Go through the following data and transcribe exactly the stretch of lines from the one holding "using l erlang_CDF_le_1[of l] by simp" to the one holding "(\<Sum>n\<le>k. \<Sum>r\<le>n. real (n choose r) * (l * (t", both included.

⁂

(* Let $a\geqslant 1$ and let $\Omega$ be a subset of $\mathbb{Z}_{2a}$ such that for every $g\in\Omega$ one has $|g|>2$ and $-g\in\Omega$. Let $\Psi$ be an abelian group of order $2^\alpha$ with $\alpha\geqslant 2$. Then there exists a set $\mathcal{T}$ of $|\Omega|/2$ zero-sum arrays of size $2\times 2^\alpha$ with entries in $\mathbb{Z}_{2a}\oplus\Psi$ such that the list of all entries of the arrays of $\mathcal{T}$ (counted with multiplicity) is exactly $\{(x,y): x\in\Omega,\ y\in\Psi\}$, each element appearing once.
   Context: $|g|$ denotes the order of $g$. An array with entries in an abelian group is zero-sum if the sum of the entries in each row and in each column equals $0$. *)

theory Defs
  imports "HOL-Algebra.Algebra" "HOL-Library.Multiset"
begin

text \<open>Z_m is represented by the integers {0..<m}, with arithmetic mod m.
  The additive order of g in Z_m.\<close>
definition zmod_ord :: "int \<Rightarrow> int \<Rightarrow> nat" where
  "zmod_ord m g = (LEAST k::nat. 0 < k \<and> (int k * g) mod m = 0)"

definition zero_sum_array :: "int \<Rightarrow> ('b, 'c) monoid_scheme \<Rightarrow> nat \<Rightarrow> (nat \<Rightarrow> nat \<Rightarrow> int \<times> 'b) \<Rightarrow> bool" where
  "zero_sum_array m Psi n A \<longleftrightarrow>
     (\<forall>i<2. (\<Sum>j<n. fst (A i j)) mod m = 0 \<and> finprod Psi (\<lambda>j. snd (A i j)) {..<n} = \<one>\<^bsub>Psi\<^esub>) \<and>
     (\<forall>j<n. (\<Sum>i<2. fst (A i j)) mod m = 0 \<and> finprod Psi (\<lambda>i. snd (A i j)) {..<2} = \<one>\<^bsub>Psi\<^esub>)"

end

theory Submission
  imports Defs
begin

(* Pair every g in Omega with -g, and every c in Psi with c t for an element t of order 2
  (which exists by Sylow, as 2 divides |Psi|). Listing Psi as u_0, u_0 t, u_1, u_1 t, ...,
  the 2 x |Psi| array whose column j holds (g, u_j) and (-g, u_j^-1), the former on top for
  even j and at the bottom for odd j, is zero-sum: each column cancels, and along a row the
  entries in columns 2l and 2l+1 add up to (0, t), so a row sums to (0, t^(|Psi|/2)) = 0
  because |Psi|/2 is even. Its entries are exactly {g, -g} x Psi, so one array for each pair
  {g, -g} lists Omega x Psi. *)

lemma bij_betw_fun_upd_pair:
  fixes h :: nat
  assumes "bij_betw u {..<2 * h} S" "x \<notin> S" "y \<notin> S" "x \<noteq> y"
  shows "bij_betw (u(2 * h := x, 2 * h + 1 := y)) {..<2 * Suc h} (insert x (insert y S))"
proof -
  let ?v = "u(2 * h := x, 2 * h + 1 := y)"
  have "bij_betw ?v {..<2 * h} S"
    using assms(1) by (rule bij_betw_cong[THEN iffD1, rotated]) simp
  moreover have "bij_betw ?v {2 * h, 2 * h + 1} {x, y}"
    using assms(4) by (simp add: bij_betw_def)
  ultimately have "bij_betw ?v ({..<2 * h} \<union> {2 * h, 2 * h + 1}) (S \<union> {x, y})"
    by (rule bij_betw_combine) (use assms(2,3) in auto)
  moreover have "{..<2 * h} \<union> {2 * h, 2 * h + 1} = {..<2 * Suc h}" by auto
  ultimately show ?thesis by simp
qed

⁂

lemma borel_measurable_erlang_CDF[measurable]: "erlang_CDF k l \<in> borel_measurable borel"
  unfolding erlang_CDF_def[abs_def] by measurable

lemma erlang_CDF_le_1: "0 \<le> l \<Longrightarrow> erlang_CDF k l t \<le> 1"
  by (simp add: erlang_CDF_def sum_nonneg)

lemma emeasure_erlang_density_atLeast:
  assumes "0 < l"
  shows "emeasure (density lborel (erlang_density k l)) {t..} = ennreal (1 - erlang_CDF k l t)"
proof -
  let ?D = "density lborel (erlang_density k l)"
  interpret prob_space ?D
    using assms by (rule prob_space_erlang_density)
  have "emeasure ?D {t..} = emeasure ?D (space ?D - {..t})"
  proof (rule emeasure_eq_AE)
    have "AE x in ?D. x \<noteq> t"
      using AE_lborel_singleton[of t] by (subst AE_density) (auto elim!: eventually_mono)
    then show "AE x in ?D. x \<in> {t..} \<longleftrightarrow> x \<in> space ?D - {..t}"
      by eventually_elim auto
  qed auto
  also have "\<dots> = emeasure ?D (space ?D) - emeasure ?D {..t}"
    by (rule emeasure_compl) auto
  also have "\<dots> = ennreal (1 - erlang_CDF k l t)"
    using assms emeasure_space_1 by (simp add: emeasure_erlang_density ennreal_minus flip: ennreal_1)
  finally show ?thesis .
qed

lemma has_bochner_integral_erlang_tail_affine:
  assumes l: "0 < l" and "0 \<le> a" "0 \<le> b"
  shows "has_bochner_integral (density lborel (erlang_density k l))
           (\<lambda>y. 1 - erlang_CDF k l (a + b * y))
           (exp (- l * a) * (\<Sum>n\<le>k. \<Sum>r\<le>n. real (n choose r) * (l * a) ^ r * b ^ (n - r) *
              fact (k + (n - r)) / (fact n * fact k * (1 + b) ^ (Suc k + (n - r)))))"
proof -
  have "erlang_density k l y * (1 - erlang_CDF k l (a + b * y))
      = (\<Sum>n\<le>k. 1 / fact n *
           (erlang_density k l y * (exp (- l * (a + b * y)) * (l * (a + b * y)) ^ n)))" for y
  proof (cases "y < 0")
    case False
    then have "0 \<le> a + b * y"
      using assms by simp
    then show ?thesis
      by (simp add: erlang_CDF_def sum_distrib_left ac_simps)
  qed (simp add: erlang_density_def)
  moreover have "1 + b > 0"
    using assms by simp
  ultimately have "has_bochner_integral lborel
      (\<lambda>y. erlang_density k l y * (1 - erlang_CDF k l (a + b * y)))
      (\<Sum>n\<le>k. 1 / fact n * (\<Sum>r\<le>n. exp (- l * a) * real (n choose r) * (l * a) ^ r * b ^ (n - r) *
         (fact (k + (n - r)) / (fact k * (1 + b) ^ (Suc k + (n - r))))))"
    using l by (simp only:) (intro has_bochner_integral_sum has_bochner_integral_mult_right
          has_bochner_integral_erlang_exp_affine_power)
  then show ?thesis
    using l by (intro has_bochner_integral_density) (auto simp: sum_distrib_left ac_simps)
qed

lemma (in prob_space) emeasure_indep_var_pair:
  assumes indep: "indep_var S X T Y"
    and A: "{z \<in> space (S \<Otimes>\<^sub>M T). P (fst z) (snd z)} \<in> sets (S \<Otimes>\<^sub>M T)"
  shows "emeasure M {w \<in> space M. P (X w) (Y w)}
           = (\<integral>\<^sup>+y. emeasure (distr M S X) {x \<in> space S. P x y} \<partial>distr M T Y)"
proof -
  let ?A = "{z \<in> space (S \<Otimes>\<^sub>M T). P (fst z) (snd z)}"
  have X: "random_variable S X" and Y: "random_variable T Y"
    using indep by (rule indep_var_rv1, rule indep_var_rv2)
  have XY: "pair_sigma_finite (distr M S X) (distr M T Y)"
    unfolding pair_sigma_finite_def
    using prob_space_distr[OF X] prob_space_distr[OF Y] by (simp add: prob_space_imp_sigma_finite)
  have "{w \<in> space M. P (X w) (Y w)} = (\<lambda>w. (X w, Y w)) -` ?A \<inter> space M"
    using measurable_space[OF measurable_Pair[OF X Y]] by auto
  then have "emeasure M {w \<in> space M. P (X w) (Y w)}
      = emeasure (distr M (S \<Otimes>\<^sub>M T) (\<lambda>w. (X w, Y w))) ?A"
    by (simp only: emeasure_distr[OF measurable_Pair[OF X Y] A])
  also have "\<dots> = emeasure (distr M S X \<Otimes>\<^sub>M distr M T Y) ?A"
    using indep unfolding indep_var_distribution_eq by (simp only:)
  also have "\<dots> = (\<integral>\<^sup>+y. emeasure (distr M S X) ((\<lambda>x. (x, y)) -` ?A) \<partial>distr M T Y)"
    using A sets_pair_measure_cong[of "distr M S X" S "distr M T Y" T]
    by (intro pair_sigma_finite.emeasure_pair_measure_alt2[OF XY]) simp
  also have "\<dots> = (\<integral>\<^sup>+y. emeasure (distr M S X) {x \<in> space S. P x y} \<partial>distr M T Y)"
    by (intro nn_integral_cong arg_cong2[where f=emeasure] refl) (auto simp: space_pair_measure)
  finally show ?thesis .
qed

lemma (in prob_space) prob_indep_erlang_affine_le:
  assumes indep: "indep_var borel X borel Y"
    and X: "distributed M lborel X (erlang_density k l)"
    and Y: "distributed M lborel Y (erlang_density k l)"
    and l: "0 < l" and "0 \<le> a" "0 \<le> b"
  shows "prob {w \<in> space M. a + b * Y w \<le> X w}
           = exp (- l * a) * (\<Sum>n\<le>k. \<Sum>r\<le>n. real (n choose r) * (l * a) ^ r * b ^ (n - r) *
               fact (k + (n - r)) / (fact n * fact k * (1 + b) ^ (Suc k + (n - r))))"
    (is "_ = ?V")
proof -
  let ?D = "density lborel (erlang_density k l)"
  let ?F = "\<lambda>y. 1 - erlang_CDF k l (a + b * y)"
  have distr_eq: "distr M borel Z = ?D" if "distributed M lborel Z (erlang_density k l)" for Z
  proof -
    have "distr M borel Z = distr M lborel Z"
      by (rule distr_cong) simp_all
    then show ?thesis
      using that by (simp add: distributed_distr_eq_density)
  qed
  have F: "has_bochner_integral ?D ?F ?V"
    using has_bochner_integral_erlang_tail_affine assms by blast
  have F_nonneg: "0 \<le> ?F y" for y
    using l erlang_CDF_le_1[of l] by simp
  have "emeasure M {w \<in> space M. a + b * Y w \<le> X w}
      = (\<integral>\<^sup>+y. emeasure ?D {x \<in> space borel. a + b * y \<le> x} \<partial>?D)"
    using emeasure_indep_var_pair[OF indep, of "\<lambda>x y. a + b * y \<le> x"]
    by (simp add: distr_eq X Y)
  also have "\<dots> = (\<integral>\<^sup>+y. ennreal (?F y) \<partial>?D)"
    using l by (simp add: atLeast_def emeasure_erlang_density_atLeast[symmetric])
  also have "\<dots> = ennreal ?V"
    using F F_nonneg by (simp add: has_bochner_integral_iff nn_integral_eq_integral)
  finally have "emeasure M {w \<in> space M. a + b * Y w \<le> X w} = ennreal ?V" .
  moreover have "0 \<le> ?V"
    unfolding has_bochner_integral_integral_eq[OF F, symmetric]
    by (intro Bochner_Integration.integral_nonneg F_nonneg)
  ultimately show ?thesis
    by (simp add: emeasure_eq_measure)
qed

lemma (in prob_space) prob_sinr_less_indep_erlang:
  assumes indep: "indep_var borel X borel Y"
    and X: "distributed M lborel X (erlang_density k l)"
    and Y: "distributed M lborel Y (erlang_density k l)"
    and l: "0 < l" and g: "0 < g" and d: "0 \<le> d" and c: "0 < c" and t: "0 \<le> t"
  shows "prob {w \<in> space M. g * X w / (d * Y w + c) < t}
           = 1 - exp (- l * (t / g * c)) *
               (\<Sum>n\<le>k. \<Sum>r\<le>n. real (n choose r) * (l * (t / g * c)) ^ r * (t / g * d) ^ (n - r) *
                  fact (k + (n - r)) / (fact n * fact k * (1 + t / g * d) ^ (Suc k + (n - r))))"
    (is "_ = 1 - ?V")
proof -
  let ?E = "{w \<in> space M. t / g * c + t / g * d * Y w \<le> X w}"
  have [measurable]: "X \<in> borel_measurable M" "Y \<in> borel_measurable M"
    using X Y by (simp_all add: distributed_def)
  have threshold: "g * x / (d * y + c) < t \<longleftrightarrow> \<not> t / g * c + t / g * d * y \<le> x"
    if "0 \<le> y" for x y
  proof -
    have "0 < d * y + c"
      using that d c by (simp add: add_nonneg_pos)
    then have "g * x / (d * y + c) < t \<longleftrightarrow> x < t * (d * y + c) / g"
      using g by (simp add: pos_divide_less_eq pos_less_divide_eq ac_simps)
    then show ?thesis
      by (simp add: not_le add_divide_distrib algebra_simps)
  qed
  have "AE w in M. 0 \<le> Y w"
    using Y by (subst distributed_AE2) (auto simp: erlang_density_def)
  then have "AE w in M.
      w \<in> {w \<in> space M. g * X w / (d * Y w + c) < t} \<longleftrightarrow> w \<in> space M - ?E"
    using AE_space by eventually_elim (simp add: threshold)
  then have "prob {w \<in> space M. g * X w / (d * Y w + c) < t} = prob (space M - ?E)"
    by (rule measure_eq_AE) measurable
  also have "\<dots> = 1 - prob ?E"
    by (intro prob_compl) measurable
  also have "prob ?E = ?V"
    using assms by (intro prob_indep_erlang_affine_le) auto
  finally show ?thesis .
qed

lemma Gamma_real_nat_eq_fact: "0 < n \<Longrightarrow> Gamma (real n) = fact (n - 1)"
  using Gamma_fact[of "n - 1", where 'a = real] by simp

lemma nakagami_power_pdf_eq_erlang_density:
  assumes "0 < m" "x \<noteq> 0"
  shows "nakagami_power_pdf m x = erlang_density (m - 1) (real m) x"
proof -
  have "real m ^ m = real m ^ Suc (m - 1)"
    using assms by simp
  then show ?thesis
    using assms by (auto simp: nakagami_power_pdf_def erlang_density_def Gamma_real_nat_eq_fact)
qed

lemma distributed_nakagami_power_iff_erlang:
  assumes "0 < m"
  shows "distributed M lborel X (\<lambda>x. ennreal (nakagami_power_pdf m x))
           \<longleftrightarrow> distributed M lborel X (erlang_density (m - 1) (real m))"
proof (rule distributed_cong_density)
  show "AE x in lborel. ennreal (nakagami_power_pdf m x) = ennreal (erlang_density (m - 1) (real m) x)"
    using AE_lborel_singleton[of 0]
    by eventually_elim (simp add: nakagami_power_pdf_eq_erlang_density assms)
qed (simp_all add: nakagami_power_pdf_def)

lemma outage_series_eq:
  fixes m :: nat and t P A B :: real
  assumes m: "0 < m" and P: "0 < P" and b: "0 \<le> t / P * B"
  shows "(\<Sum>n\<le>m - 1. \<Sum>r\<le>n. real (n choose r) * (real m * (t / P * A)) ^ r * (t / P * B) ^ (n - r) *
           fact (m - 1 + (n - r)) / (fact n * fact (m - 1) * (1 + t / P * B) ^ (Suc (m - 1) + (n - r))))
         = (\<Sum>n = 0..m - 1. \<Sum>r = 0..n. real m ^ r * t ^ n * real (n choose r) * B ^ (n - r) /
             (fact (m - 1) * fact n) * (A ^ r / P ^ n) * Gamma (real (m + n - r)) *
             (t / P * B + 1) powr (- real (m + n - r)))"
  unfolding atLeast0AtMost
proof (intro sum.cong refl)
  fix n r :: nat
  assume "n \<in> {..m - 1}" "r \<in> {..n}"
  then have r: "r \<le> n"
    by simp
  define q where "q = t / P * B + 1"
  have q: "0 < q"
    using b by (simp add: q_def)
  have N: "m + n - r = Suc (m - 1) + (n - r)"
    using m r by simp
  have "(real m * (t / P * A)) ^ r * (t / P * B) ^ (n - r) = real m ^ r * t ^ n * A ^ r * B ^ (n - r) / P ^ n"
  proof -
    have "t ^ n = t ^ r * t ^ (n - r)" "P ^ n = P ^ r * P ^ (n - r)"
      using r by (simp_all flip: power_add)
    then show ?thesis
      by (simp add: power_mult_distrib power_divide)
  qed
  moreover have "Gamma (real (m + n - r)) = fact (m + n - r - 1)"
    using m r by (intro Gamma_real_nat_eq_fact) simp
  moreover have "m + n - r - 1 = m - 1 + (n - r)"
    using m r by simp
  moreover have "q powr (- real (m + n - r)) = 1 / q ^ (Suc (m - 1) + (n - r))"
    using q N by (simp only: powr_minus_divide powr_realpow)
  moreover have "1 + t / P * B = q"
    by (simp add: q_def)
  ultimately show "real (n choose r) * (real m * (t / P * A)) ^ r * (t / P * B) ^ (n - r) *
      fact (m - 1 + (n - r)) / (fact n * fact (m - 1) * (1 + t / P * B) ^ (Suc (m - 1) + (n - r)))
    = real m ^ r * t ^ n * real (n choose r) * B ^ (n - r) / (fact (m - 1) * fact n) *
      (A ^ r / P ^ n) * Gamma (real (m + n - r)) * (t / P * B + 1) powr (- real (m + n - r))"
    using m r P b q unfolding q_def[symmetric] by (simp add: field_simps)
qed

⁂

Written answer.
    using l erlang_CDF_le_1[of l] by simp
  have "emeasure M {w \<in> space M. a + b * Y w \<le> X w}
      = (\<integral>\<^sup>+y. emeasure ?D {x \<in> space borel. a + b * y \<le> x} \<partial>?D)"
    using emeasure_indep_var_pair[OF indep, of "\<lambda>x y. a + b * y \<le> x"]
    by (simp add: distr_eq X Y)
  also have "\<dots> = (\<integral>\<^sup>+y. ennreal (?F y) \<partial>?D)"
    using l by (simp add: atLeast_def emeasure_erlang_density_atLeast[symmetric])
  also have "\<dots> = ennreal ?V"
    using F F_nonneg by (simp add: has_bochner_integral_iff nn_integral_eq_integral)
  finally have "emeasure M {w \<in> space M. a + b * Y w \<le> X w} = ennreal ?V" .
  moreover have "0 \<le> ?V"
    unfolding has_bochner_integral_integral_eq[OF F, symmetric]
    by (intro Bochner_Integration.integral_nonneg F_nonneg)
  ultimately show ?thesis
    by (simp add: emeasure_eq_measure)
qed

lemma (in prob_space) prob_sinr_less_indep_erlang:
  assumes indep: "indep_var borel X borel Y"
    and X: "distributed M lborel X (erlang_density k l)"
    and Y: "distributed M lborel Y (erlang_density k l)"
    and l: "0 < l" and g: "0 < g" and d: "0 \<le> d" and c: "0 < c" and t: "0 \<le> t"
  shows "prob {w \<in> space M. g * X w / (d * Y w + c) < t}
           = 1 - exp (- l * (t / g * c)) *
               (\<Sum>n\<le>k. \<Sum>r\<le>n. real (n choose r) * (l * (t / g * c)) ^ r * (t / g * d) ^ (n - r) *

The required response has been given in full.